Temperate Asia has vast areas of grazing lands, which, as well as being important environmentally, provide livelihoods for herders. Both transhumant and agropastoral systems are common and involve both full-time nomads and settled farmers who take their stock to summer pastures. While some of these systems have been studied previously in detail, there is a general lack of knowledge, particularly of many of the transhumant systems. Since the mid-1990s, FAO has been supporting the production of a series of case studies, mostly on transhumant systems, which have generated a series of reports. The quality and interest of these reports are such that they merit a wider readership, so they have been brought together in book form.
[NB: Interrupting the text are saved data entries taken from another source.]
lemma prim_root_inj_on_powers:
  assumes "prim_root n a"
  shows "inj_on (\<lambda>i. a ^ i) {..<n}"
proof (rule linorder_inj_onI')
  fix i j assume "i \<in> {..<n}" and "j \<in> {..<n}" and "i < j"
  then have "0 < n" by simp
  show "a ^ i \<noteq> a ^ j"
  proof
    assume eq: "a ^ i = a ^ j"
    have "a ^ i * a ^ (j - i) = a ^ j"
      using \<open>i < j\<close> by (simp flip: power_add)
    then have "a ^ i * a ^ (j - i) = a ^ i * 1"
      using eq by simp
    then have "a ^ (j - i) = 1"
      using prim_root_nonzero[OF assms \<open>0 < n\<close>] by simp
    then have "n dvd j - i"
      using prim_root_power_eq_1_iff[OF assms \<open>0 < n\<close>] by blast
    then have "n \<le> j - i"
      using \<open>i < j\<close> by (intro dvd_imp_le) simp_all
    then show False
      using \<open>j \<in> {..<n}\<close> by simp
  qed
qed

lemma prim_root_power_coprime:
  assumes root: "prim_root n a" and "0 < n" and "coprime k n"
  shows "prim_root n (a ^ k)"
  unfolding prim_root_def
proof (intro conjI allI impI)
  have "a ^ n = 1"
    using root by (simp add: prim_root_def)
  then show "(a ^ k) ^ n = 1"
    by (metis power_mult mult.commute power_one)
  fix j assume j: "0 < j \<and> j < n"
  have "\<not> n dvd k * j"
    using j \<open>coprime k n\<close> by (auto simp: coprime_commute coprime_dvd_mult_right_iff dest: dvd_imp_le)
  then show "(a ^ k) ^ j \<noteq> 1"
    by (simp add: prim_root_power_eq_1_iff[OF root \<open>0 < n\<close>] flip: power_mult)
qed

lemma prim_root_square:
  assumes "prim_root (2*m) a"
  shows "prim_root m (a ^ 2)"
  unfolding prim_root_def
proof (intro conjI allI impI)
  show "(a ^ 2) ^ m = 1"
    using assms by (simp add: prim_root_def flip: power_mult)
  fix j assume "0 < j \<and> j < m"
  then show "(a ^ 2) ^ j \<noteq> 1"
    using assms by (simp add: prim_root_def flip: power_mult)
qed

lemma prim_root_half_power:
  fixes a :: "'a::field"
  assumes "prim_root (2*m) a" and "0 < m"
  shows "a ^ m = -1"
proof -
  have "a ^ m * a ^ m = 1"
    using assms(1) by (simp add: prim_root_def mult_2 flip: power_add)
  then have "(a ^ m - 1) * (a ^ m + 1) = 0"
    by (simp add: algebra_simps)
  moreover have "a ^ m \<noteq> 1"
    using assms by (simp add: prim_root_def)
  ultimately show ?thesis by (simp add: eq_neg_iff_add_eq_0)
qed

lemma coprime_double_succ: "coprime (2*d+1) (d::nat)"
  by (metis coprime_add_one_left coprime_commute coprime_mult_left_iff)

lemma mod_double_succ_avoids:
  fixes d k :: nat
  assumes "k + 2 \<le> 2*d"
  shows "d * (k + 3) mod (2*d+1) \<noteq> d" and "d * (k + 3) mod (2*d+1) \<noteq> 2*d"
proof -
  have no_multiple: "\<not> (2*d+1) dvd d * j" if "0 < j" and "j < 2*d+1" for j
    using that coprime_double_succ[of d] by (auto simp: coprime_dvd_mult_right_iff dest: dvd_imp_le)
  show "d * (k + 3) mod (2*d+1) \<noteq> d"
  proof
    assume "d * (k + 3) mod (2*d+1) = d"
    then have "d * (k + 3) mod (2*d+1) = d mod (2*d+1)" by simp
    then have "(2*d+1) dvd d * (k + 3) - d"
      by (subst (asm) mod_eq_dvd_iff_nat) simp_all
    moreover have "d * (k + 3) - d = d * (k + 2)"
      by (simp add: algebra_simps)
    ultimately show False
      using no_multiple[of "k + 2"] assms by simp
  qed
  show "d * (k + 3) mod (2*d+1) \<noteq> 2*d"
  proof
    assume "d * (k + 3) mod (2*d+1) = 2*d"
    then have "d * (k + 3) mod (2*d+1) = (2*d) mod (2*d+1)" by simp
    then have "(2*d+1) dvd d * (k + 3) - 2*d"
      by (subst (asm) mod_eq_dvd_iff_nat) simp_all
    moreover have "d * (k + 3) - 2*d = d * (k + 1)"
      by (simp add: algebra_simps)
    ultimately show False
      using no_multiple[of "k + 1"] assms by simp
  qed
qed

section \<open>The BCH bound\<close>

lemma vandermonde_kernel:
  fixes x u :: "'b \<Rightarrow> 'a::field"
  assumes "finite S" and "inj_on x S" and "i0 \<in> S"
    and power_sums: "\<And>k. k < card S \<Longrightarrow> (\<Sum>i\<in>S. u i * x i ^ k) = 0"
  shows "u i0 = 0"
proof -
  define P where "P = (\<Prod>i\<in>S-{i0}. [:- x i, 1:])"
  have "degree P \<le> card (S - {i0})"
    unfolding P_def by (rule order_trans[OF degree_prod_sum_le]) (use \<open>finite S\<close> in auto)
  moreover have "0 < card S"
    using \<open>finite S\<close> \<open>i0 \<in> S\<close> by (auto simp: card_gt_0_iff)
  ultimately have "degree P < card S"
    using \<open>finite S\<close> \<open>i0 \<in> S\<close> by simp
  have "(\<Sum>i\<in>S. u i * poly P (x i)) = (\<Sum>k\<le>degree P. coeff P k * (\<Sum>i\<in>S. u i * x i ^ k))"
    by (simp add: poly_altdef sum_distrib_left mult_ac sum.swap[of _ S])
  also have "\<dots> = 0"
    using \<open>degree P < card S\<close> by (intro sum.neutral) (simp add: power_sums)
  also have "(\<Sum>i\<in>S. u i * poly P (x i)) = u i0 * poly P (x i0)"
  proof -
    have "poly P (x i) = 0" if "i \<in> S - {i0}" for i
      using that \<open>finite S\<close> by (auto simp: P_def poly_prod)
    then show ?thesis
      using \<open>finite S\<close> \<open>i0 \<in> S\<close> by (simp add: sum.remove)
  qed
  finally have "u i0 * poly P (x i0) = 0" .
  moreover have "poly P (x i0) \<noteq> 0"
    using \<open>finite S\<close> \<open>inj_on x S\<close> \<open>i0 \<in> S\<close>
    by (auto simp: P_def poly_prod dest: inj_onD)
  ultimately show ?thesis by simp
qed

lemma bch_bound:
  fixes c :: "nat \<Rightarrow> 'a::field"
  assumes root: "prim_root m \<omega>" and "a \<noteq> 0" and nonzero: "\<exists>i<m. c i \<noteq> 0"
    and zeros: "\<And>k. k < L \<Longrightarrow> poly_vec m c (a * \<omega> ^ (s + k)) = 0"
  shows "L < hamming_wt m c"
proof (rule ccontr)
  define S where "S = {i. i < m \<and> c i \<noteq> 0}"
  assume "\<not> L < hamming_wt m c"
  then have "card S \<le> L"
    by (simp add: hamming_wt_def S_def)
  obtain i0 where "i0 \<in> S"
    using nonzero by (auto simp: S_def)
  then have "0 < m" by (simp add: S_def)
  have "c i0 * a ^ i0 * \<omega> ^ (s * i0) = 0"
  proof (rule vandermonde_kernel[where x = "\<lambda>i. \<omega> ^ i" and u = "\<lambda>i. c i * a ^ i * \<omega> ^ (s * i)"])
    show "finite S" by (simp add: S_def)
    show "inj_on (\<lambda>i. \<omega> ^ i) S"
      using prim_root_inj_on_powers[OF root] by (rule inj_on_subset) (auto simp: S_def)
    show "i0 \<in> S" by fact
    fix k assume "k < card S"
    have "(a * \<omega> ^ (s + k)) ^ i = a ^ i * \<omega> ^ (s * i) * (\<omega> ^ i) ^ k" for i
      by (simp add: power_add power_mult_distrib mult.commute flip: power_mult)
    then have "(\<Sum>i\<in>S. c i * a ^ i * \<omega> ^ (s * i) * (\<omega> ^ i) ^ k) = (\<Sum>i\<in>S. c i * (a * \<omega> ^ (s + k)) ^ i)"
      by (simp add: mult.assoc)
    also have "\<dots> = poly_vec m c (a * \<omega> ^ (s + k))"
      unfolding poly_vec_def by (rule sum.mono_neutral_left) (auto simp: S_def)
    also have "\<dots> = 0"
      using \<open>k < card S\<close> \<open>card S \<le> L\<close> by (intro zeros) simp
    finally show "(\<Sum>i\<in>S. c i * a ^ i * \<omega> ^ (s * i) * (\<omega> ^ i) ^ k) = 0" .
  qed
  then show False
    using \<open>i0 \<in> S\<close> \<open>a \<noteq> 0\<close> prim_root_nonzero[OF root \<open>0 < m\<close>] by (simp add: S_def)
qed

section \<open>Cyclic codes\<close>

lemma gen_poly_root: "finite Z \<Longrightarrow> z \<in> Z \<Longrightarrow> poly (gen_poly Z) z = 0"
  by (auto simp: gen_poly_def poly_prod)

lemma degree_gen_poly: "finite Z \<Longrightarrow> degree (gen_poly Z) = card Z"
  unfolding gen_poly_def by (subst degree_prod_eq_sum_degree) auto

lemma gen_poly_nonzero: "gen_poly Z \<noteq> 0"
  by (cases "finite Z") (auto simp: gen_poly_def)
Some definitions are in order:

Two main zones and a subzone can be distinguished in the study area:

Thus there are two main parts. The most northerly is the cold, semi-arid zone embracing part of the Eurasian steppe, that great arc of grazing land which runs from Manchuria to the eastern boundaries of Hungary. It is bounded on its north by the taiga (the swampy coniferous forest of high northern latitudes) and the cold mountain masses of the Qinghai-Tibet Plateau, Pamir, Tien Shan and Kunlun. There are, of course, transhumant grazing systems north of the taiga, based mainly on reindeer, and indeed their southern tip is in Mongolia, but these are not dealt with here.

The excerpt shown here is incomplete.